Hunted
- First edition
- Author: James Alan Gardner
- Cover artist: Greg Bridges
- Language: English
- Series: League of Peoples
- Genre: Science fiction
- Publisher: Eos
- Publication date: 2000
- Publication place: Canada
- Media type: Print (Hardcover, Paperback)
- Pages: 432
- ISBN: 978-0-380-80209-8
- OCLC: 44587573
- LC Class: CPB Box no. 1862 vol. 6
- Preceded by: Vigilant
- Followed by: Ascending

= Hunted (Gardner novel) =

2000 novel by James Alan Gardner

Hunted is a science fiction novel written by Canadian author James Alan Gardner, and published in the year 2000 by HarperCollins Publishers under its various imprints. The novel is the fourth in Gardner's "League of Peoples" series, after Expendable (1997), Commitment Hour (1998), and Vigilant (1999).

==Synopsis==

When new Explorer Corps recruit Edward York arrives on board the starship Willow, he abruptly becomes its sole survivor: everyone else simultaneously drops dead, executed by the near-omnipotent League of Peoples for violating its rule that anyone without sufficient respect for life is not allowed to travel between solar systems.
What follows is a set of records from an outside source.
lemma has_clique_Suc_by_maximal_element:
  assumes strict: "asymp lt" "transp lt" and "finite S" "S \<noteq> {}"
    and "has_clique (comparability lt) (S - maximal_elements lt S) n"
  shows "has_clique (comparability lt) S (Suc n)"
proof -
  obtain K where K: "K \<subseteq> S - maximal_elements lt S" "finite K" "card K = n"
      "\<forall>x\<in>K. \<forall>y\<in>K. x \<noteq> y \<longrightarrow> comparability lt x y"
    using assms(5) unfolding has_clique_def by blast
  have "\<exists>x\<in>S. \<forall>k\<in>K. k = x \<or> lt k x"
  proof (cases "K = {}")
    case True
    with \<open>S \<noteq> {}\<close> show ?thesis
      by blast
  next
    case False
    then obtain t where "t \<in> K" "\<forall>k\<in>K. k \<noteq> t \<longrightarrow> lt k t"
      by (rule comparability_clique_greatest[OF strict K(2) _ K(4)])
    with K(1) show ?thesis
      by blast
  qed
  then obtain x where x: "x \<in> S" "\<forall>k\<in>K. k = x \<or> lt k x" ..
  obtain y where y: "y \<in> S" "x = y \<or> lt x y" "\<forall>z\<in>S. \<not> lt y z"
    using exists_maximal_above[OF strict \<open>finite S\<close> x(1)] .
  then have "y \<in> maximal_elements lt S"
    unfolding maximal_elements_def by blast
  then have "y \<notin> K"
    using K(1) by blast
  have "lt k y" if "k \<in> K" for k
  proof -
    have "k \<noteq> y" "k = x \<or> lt k x"
      using that \<open>y \<notin> K\<close> x(2) by auto
    with y(2) show ?thesis
      using \<open>transp lt\<close> by (metis transpD)
  qed
  with \<open>y \<notin> K\<close> show ?thesis
    unfolding has_clique_def using K y(1)
    by (intro exI[of _ "insert y K"]) (auto simp: comparability_def)
qed

theorem mirsky:
  assumes strict: "asymp lt" "transp lt" and "finite S" and "(n - 1) * (m - 1) < card S"
  shows "has_clique (comparability lt) S n \<or> has_indep (comparability lt) S m"
  using assms(3,4)
proof (induction n arbitrary: S)
  case 0
  then show ?case
    unfolding has_clique_def by auto
next
  case (Suc n)
  let ?M = "maximal_elements lt S"
  show ?case
  proof (cases "m \<le> card ?M")
    case True
    then show ?thesis
      using has_indep_maximal_elements Suc.prems(1) by blast
  next
    case False
    have "?M \<subseteq> S"
      unfolding maximal_elements_def by blast
    then have "card (S - ?M) = card S - card ?M"
      using Suc.prems(1) by (meson card_Diff_subset finite_subset)
    with False Suc.prems(2) have card_rest: "n \<noteq> 0 \<Longrightarrow> (n - 1) * (m - 1) < card (S - ?M)"
      by (cases n; cases m) (auto simp: algebra_simps)
    have "has_clique (comparability lt) (S - ?M) n \<or> has_indep (comparability lt) (S - ?M) m"
    proof (cases "n = 0")
      case True
      then show ?thesis
        unfolding has_clique_def by auto
    next
      case False
      then show ?thesis
        using Suc.IH[of "S - ?M"] Suc.prems(1) card_rest by blast
    qed
    then show ?thesis
    proof
      assume "has_clique (comparability lt) (S - ?M) n"
      moreover have "S \<noteq> {}"
        using Suc.prems(2) by auto
      ultimately show ?thesis
        using has_clique_Suc_by_maximal_element[OF strict Suc.prems(1)] by blast
    next
      assume "has_indep (comparability lt) (S - ?M) m"
      then show ?thesis
        unfolding has_indep_def by blast
    qed
  qed
qed

corollary ramsey_good_comparability:
  assumes "asymp lt" "transp lt"
  shows "ramsey_good V (comparability lt) ((n - 1) * (m - 1) + 1) n m"
  unfolding ramsey_good_def using mirsky[OF assms] by simp

lemma not_ramsey_good_complete_multipartite:
  assumes inj: "inj_on f ({..<a} \<times> {..<b})" and into: "f ` ({..<a} \<times> {..<b}) \<subseteq> V"
    and adj: "\<And>p q. p \<in> {..<a} \<times> {..<b} \<Longrightarrow> q \<in> {..<a} \<times> {..<b} \<Longrightarrow> p \<noteq> q \<Longrightarrow>
                E (f p) (f q) \<longleftrightarrow> fst p \<noteq> fst q"
    and "r \<le> a * b"
  shows "\<not> ramsey_good V E r (Suc a) (Suc b)"
proof -
  obtain T where T: "T \<subseteq> {..<a} \<times> {..<b}" "card T = r"
    using \<open>r \<le> a * b\<close> obtain_subset_with_card_n[of r "{..<a} \<times> {..<b}"]
    by (auto simp: card_cartesian_product)
  have "finite T"
    using T(1) finite_subset by blast
  have "inj_on f T"
    using inj T(1) inj_on_subset by blast
  have adj_T: "E (f p) (f q) \<longleftrightarrow> fst p \<noteq> fst q" if "p \<in> T" "q \<in> T" "p \<noteq> q" for p q
    using adj that T(1) by blast
  have "\<not> has_clique E (f ` T) (Suc a)"
  proof
    assume "has_clique E (f ` T) (Suc a)"
    then have "has_clique (\<lambda>p q. E (f p) (f q)) T (Suc a)"
      by (simp add: has_clique_image[OF \<open>inj_on f T\<close>])
    then have "Suc a \<le> card {..<a}"
      by (rule has_clique_le_card_colours[where g = fst]) (use T(1) adj_T in auto)
    then show False
      by simp
  qed
  moreover have "\<not> has_indep E (f ` T) (Suc b)"
  proof
    assume "has_indep E (f ` T) (Suc b)"
    then have "has_clique (\<lambda>p q. \<not> E (f p) (f q)) T (Suc b)"
      by (simp add: has_indep_eq_has_clique_compl has_clique_image[OF \<open>inj_on f T\<close>])
    then have "Suc b \<le> card {..<b}"
      by (rule has_clique_le_card_colours[where g = snd]) (use T(1) adj_T in \<open>auto simp: prod_eq_iff\<close>)
    then show False
      by simp
  qed
  moreover have "f ` T \<subseteq> V" "card (f ` T) = r"
    using T into \<open>inj_on f T\<close> by (auto simp: card_image)
  ultimately show ?thesis
    unfolding ramsey_good_def using \<open>finite T\<close> by blast
qed

lemma sdvd_trans: "sdvd a b \<Longrightarrow> sdvd b c \<Longrightarrow> sdvd a c"
  unfolding sdvd_def using dvd_trans by blast

lemma sdvd_asym: "sdvd a b \<Longrightarrow> \<not> sdvd b a"
  unfolding sdvd_def by blast

lemma mat_adj_eq_comparability: "mat_adj = comparability (\<lambda>A B. sdvd (det A) (det B))"
  unfolding mat_adj_def comparability_def by blast

lemma ramsey_good_mat_graph:
  "ramsey_good (mat_vertices j :: 'a::comm_ring_1 mat set) mat_adj ((n - 1) * (m - 1) + 1) n m"
  unfolding mat_adj_eq_comparability
  by (rule ramsey_good_comparability) (auto intro: asympI transpI sdvd_trans dest: sdvd_asym)

(* [[2^(a+1), b], [0, 1]]: the determinant records the part a, the entry b separates the
   vertices within a part. *)
definition grid_mat :: "nat \<times> nat \<Rightarrow> int mat" where
  "grid_mat p = mat 2 2 (\<lambda>(i, j). if (i, j) = (0, 0) then 2 ^ Suc (fst p)
     else if (i, j) = (0, 1) then int (snd p) else if (i, j) = (1, 1) then 1 else 0)"

lemma det_grid_mat: "det (grid_mat p) = 2 ^ Suc (fst p)"
proof -
  have "upper_triangular (grid_mat p)" "grid_mat p \<in> carrier_mat 2 2"
    unfolding upper_triangular_def grid_mat_def by auto
  from det_upper_triangular[OF this] show ?thesis
    by (simp add: diag_mat_def grid_mat_def numeral_2_eq_2)
qed

lemma inj_grid_mat: "inj grid_mat"
proof (rule injI)
  fix p q assume "grid_mat p = grid_mat q"
  then have "grid_mat p $$ (0, 0) = grid_mat q $$ (0, 0)" "grid_mat p $$ (0, 1) = grid_mat q $$ (0, 1)"
    by simp_all
  then show "p = q"
    unfolding grid_mat_def by (simp add: prod_eq_iff)
qed

lemma grid_mat_in_mat_vertices: "grid_mat p \<in> mat_vertices 2"
proof -
  have "\<not> (2::int) ^ Suc (fst p) dvd 1"
    using zdvd_imp_le[of "2 ^ Suc (fst p)" 1] one_less_power[of "2::int" "Suc (fst p)"] by auto
  then show ?thesis
    unfolding mat_vertices_def proper_elem_def by (simp add: det_grid_mat) (simp add: grid_mat_def)
qed

lemma sdvd_power_two_iff: "sdvd ((2::int) ^ i) (2 ^ j) \<longleftrightarrow> i < j"
  unfolding sdvd_def by (auto simp: dvd_power_iff)

lemma mat_adj_grid_mat: "p \<noteq> q \<Longrightarrow> mat_adj (grid_mat p) (grid_mat q) \<longleftrightarrow> fst p \<noteq> fst q"
  unfolding mat_adj_def det_grid_mat sdvd_power_two_iff using inj_grid_mat[THEN injD, of p q] by auto

lemma not_ramsey_good_mat_graph:
  assumes "r \<le> a * b"
  shows "\<not> ramsey_good (mat_vertices 2 :: int mat set) mat_adj r (Suc a) (Suc b)"
proof (rule not_ramsey_good_complete_multipartite[where f = grid_mat])
  show "inj_on grid_mat ({..<a} \<times> {..<b})"
    using inj_grid_mat inj_on_subset subset_UNIV by blast
qed (use assms grid_mat_in_mat_vertices mat_adj_grid_mat in auto)

lemma po_adj_eq_comparability: "po_adj R = comparability (\<lambda>x y. (x, y) \<in> R \<and> x \<noteq> y)"
  unfolding po_adj_def comparability_def by blast

lemma ramsey_good_po_graph:
  assumes "partial_order_on A R"
  shows "ramsey_good A (po_adj R) ((n - 1) * (m - 1) + 1) n m"
proof -
  have "trans R" "antisym R"
    using assms unfolding partial_order_on_def preorder_on_def by auto
  then have "asymp (\<lambda>x y. (x, y) \<in> R \<and> x \<noteq> y)" "transp (\<lambda>x y. (x, y) \<in> R \<and> x \<noteq> y)"
    unfolding asymp_on_def transp_on_def trans_def antisym_def by blast+
  then show ?thesis
    unfolding po_adj_eq_comparability by (rule ramsey_good_comparability)
qed

lemma not_ramsey_good_po_graph:
  assumes "r \<le> a * b"
  obtains R where "partial_order_on (UNIV :: nat set) R" "\<not> ramsey_good UNIV (po_adj R) r (Suc a) (Suc b)"
proof
  define R where "R = {(x, y). x = y \<or> fst (prod_decode x) < fst (prod_decode y)}"
  show "partial_order_on UNIV R"
    unfolding partial_order_on_def preorder_on_def refl_on_def trans_def antisym_def R_def by auto
  show "\<not> ramsey_good UNIV (po_adj R) r (Suc a) (Suc b)"
    using assms
    by (intro not_ramsey_good_complete_multipartite[where f = prod_encode])
      (auto simp: inj_prod_encode po_adj_def R_def)
qed

theorem theorem3p16:
  fixes n m :: nat
  assumes "n \<ge> 1" and "m \<ge> 1"
  shows "((\<exists>x::'a::comm_ring_1. proper_elem x) \<longrightarrow>
            (\<forall>j\<ge>2. ramsey_good (mat_vertices j :: 'a mat set) mat_adj ((n - 1) * (m - 1) + 1) n m))
       \<and> (\<forall>r < (n - 1) * (m - 1) + 1. \<exists>j\<ge>2.
            \<not> ramsey_good (mat_vertices j :: int mat set) mat_adj r n m)
       \<and> (\<forall>(A::'b set) R. partial_order_on A R \<longrightarrow>
            ramsey_good A (po_adj R) ((n - 1) * (m - 1) + 1) n m)
       \<and> (\<forall>r < (n - 1) * (m - 1) + 1. \<exists>(A::nat set) R.
            partial_order_on A R \<and> \<not> ramsey_good A (po_adj R) r n m)"
proof -
  have n_eq: "Suc (n - 1) = n" and m_eq: "Suc (m - 1) = m"
    using assms by simp_all
  have mat_lower: "\<not> ramsey_good (mat_vertices 2 :: int mat set) mat_adj r n m"
    if "r \<le> (n - 1) * (m - 1)" for r
    using not_ramsey_good_mat_graph[OF that] n_eq m_eq by simp
  have po_lower: "\<exists>(A::nat set) R. partial_order_on A R \<and> \<not> ramsey_good A (po_adj R) r n m"
    if "r \<le> (n - 1) * (m - 1)" for r
    using not_ramsey_good_po_graph[OF that] n_eq m_eq by metis
  show ?thesis
    using ramsey_good_mat_graph ramsey_good_po_graph mat_lower po_lower by (auto intro!: exI[of _ 2])
qed

end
Alone on a ship full of corpses, Edward discovers a complex plot involving the alien Mandasars, in whose decades-long civil war he had a cryptic role.

==Reception==
At the SF Site, Rich Horton considered it "a very fun novel to read" and a "compelling adventure story", but faulted it for overreliance on deus ex machina in its conclusion.